Christopher Nosnibor

You know when you hear an album, or even just the first few tracks off an album, and know it’s something special? When the fist song alone blows you away and immediately you think that it’s up there with the best stuff you’ve heard all year, and maybe even longer? You’re almost too excited by the firs three tracks to sit still and listen to the rest of the album, because you’re bursting with the urge to race around and prod anyone you can find and shout ‘listen to this! It’s fucking awesome!’ (even though you know they’ll all say ‘what the hell is this noise?’) No? I’ve spent my life doing this. The frequency of such events is one of the reasons I became a music reviewer, because the people I know in real life simply don’t get it. So, as much as anything to shut myself off from the hubbub of the crowded, ramped, overcrowded office in which I have the misfortune to work, I slipped in, more or less at random, the eponymous second album by The Sweet Release of Death. And within two minutes, I was fighting to resist the urge to rampage round the office punching the air.

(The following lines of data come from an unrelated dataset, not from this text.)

lemma quotient_grid_approx:
  fixes p q :: "real^'n \<Rightarrow> real"
  assumes "is_mpoly p" "is_mpoly q" "0 < eps" "\<forall>j. a$j < b$j"
    and "0 < m" "\<And>z. z \<in> cbox a b \<Longrightarrow> m \<le> (q z)^2"
    and x: "x \<in> cbox a b"
  shows "\<exists>y\<in>grid a b eps p q. \<bar>p x / q x - p y / q y\<bar> \<le> eps / m"
proof -
  define K where "K j = tnorm a b (\<lambda>z. partial j p z * q z - p z * partial j q z)" for j
  have K: "\<bar>partial j p z * q z - p z * partial j q z\<bar> \<le> K j" if "z \<in> cbox a b" for j z
    unfolding K_def
    by (intro abs_le_tnorm[OF mpoly_affine_in_cheb_span assms(4) that] mpoly_diff mpoly_mult
        mpoly_partial assms(1,2))
  have "\<forall>j. 0 < gridM a b eps p q j" using less_le_trans[OF zero_less_one gridM_ge(1)] by blast
  then obtain y where y: "y \<in> grid a b eps p q"
    and close: "\<And>j. \<bar>x$j - y$j\<bar> \<le> (b$j - a$j) / real (gridM a b eps p q j)"
    using box_grid_cover[OF assms(4) _ x] unfolding grid_eq_box_grid by blast
  have "\<bar>x$j - y$j\<bar> * K j \<le> eps / real CARD('n)" for j
  proof -
    have "0 \<le> K j" using K[OF x, of j] by linarith
    then have "\<bar>x$j - y$j\<bar> * K j \<le> (b$j - a$j) / real (gridM a b eps p q j) * K j"
      by (rule mult_right_mono[OF close])
    also have "\<dots> \<le> eps / real CARD('n)"
      unfolding K_def by (rule gridM_mesh[OF assms(3)])
    finally show ?thesis .
  qed
  then have sum_le: "(\<Sum>j\<in>UNIV. \<bar>x$j - y$j\<bar> * K j) \<le> eps"
    using sum_mono[of UNIV "\<lambda>j. \<bar>x$j - y$j\<bar> * K j" "\<lambda>_. eps / real CARD('n)"] by simp
  have y_box: "y \<in> cbox a b"
    using y box_grid_subset_cbox[of a b] assms(4) unfolding grid_eq_box_grid
    by (auto simp: less_imp_le)
  have "\<bar>p x / q x - p y / q y\<bar> \<le> (\<Sum>j\<in>UNIV. \<bar>x$j - y$j\<bar> * K j) / m"
    by (rule abs_quotient_diff_le[OF assms(1,2,5,6) K x y_box])
  also have "\<dots> \<le> eps / m"
    using sum_le \<open>0 < m\<close> by (simp add: divide_right_mono)
  finally show ?thesis using y by blast
qed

So what do The Sweet Release of Death do? Doom Drone? Poetical, weeping, theatrical goth? No: way cooler, and far less predictably, they haul in elements of goth, post-punk, hardcore and myriad other sources to forge a truly unique sound that’s got nothing to do with moping dirges or noose-twisting melancholia.

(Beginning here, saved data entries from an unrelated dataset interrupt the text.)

(* Let $p$ be a prime with $p\equiv3\pmod 4$. Then $P_{\frac{p-1}2}(3)\equiv0\pmod p$ (i.e. $p$ divides the numerator of the rational number $P_{\frac{p-1}2}(3)$).
   Context: $P_n(x)$ is the $n$-th Legendre polynomial, defined by $\frac1{\sqrt{1-2xt+t^2}}=\sum_{n\ge0}P_n(x)t^n$, equivalently $P_n(x)=\frac1{2^n}\sum_{k=0}^{[n/2]}\frac{(-1)^k(2n-2k)!}{k!(n-k)!(n-2k)!}x^{n-2k}$. *)

theory Defs
  imports Complex_Main "HOL-Computational_Algebra.Primes"
begin

definition legendreP :: "nat \<Rightarrow> 'a::field_char_0 \<Rightarrow> 'a" where
  "legendreP n x = (1 / 2 ^ n) *
     (\<Sum>k = 0..n div 2. of_int ((-1) ^ k) * of_nat (fact (2*n - 2*k))
        / (of_nat (fact k) * of_nat (fact (n - k)) * of_nat (fact (n - 2*k)))
        * x ^ (n - 2*k))"

end

theory Submission
  imports Defs "HOL-Number_Theory.Number_Theory"
begin

text \<open>
  Write \<open>p = 2n + 1\<close>, so that \<open>n\<close> is odd. The cubic \<open>t(t + 2)(t + 4)\<close> changes sign under
  the reflection \<open>t \<mapsto> -4 - t\<close>, hence \<open>\<Sum>\<^sub>t (t(t + 2)(t + 4))^n \<equiv> 0 (mod p)\<close> with \<open>t\<close>
  running over the residues mod \<open>p\<close>. On the other hand \<open>t(t + 2)(t + 4) = t((t + 3)^2 - 1)\<close>;
  expanding binomially and using that \<open>\<Sum>\<^sub>t t^m\<close> is \<open>-1\<close> or \<open>0\<close> mod \<open>p\<close> according as
  \<open>p - 1\<close> divides \<open>m\<close> or not, only the powers \<open>t^(2n)\<close> survive, and the sum is congruent to
  \<open>-\<Sum>\<^sub>k (-1)^k C(n,k) C(2n-2k,n) 3^(n-2k) = -2^n P\<^sub>n(3)\<close>.
\<close>

lemma power_sum_binomial_recurrence:
  "(\<Sum>i\<le>m. of_nat (Suc m choose i) * (\<Sum>t<p. int t ^ i)) = int p ^ Suc m"
proof -
  have step: "int (Suc t) ^ Suc m - int t ^ Suc m = (\<Sum>i\<le>m. of_nat (Suc m choose i) * int t ^ i)" for t
    using binomial_ring[of "int t" 1 "Suc m"] by (simp add: sum.atMost_Suc add.commute)
  have "(\<Sum>i\<le>m. of_nat (Suc m choose i) * (\<Sum>t<p. int t ^ i))
      = (\<Sum>i\<le>m. \<Sum>t<p. of_nat (Suc m choose i) * int t ^ i)"
    by (simp add: sum_distrib_left)
  also have "\<dots> = (\<Sum>t<p. \<Sum>i\<le>m. of_nat (Suc m choose i) * int t ^ i)"
    by (rule sum.swap)
  also have "\<dots> = (\<Sum>t<p. int (Suc t) ^ Suc m - int t ^ Suc m)"
    by (simp only: step)
  also have "\<dots> = int p ^ Suc m"
    using sum_lessThan_telescope[of "\<lambda>t. int t ^ Suc m" p] by simp
  finally show ?thesis .
qed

The album begins with the end. Or, specifically, ‘The End’ (and no, it’s not a Doors cover). It sounds like the end, too: a barrage of guitar noise. ‘Post-Everything’ is representative of the albums sound more broadly as it locks into a post-punk vibe, with a spindly guitar spidering its way over a thumping drum and bass groove. Amidst the tempest, Alicia Ferrer Beton’s androgynous vocals betray a ragged emotional edge, cracked with angst and melancholy.

The goth-tinged, no-wave squall of ‘Kitty Swim Club’ is a pure rush of panic-laced adrenaline. This is not a comfortable album, but one which shudders and jitters awkwardly at its self-imposed parameters.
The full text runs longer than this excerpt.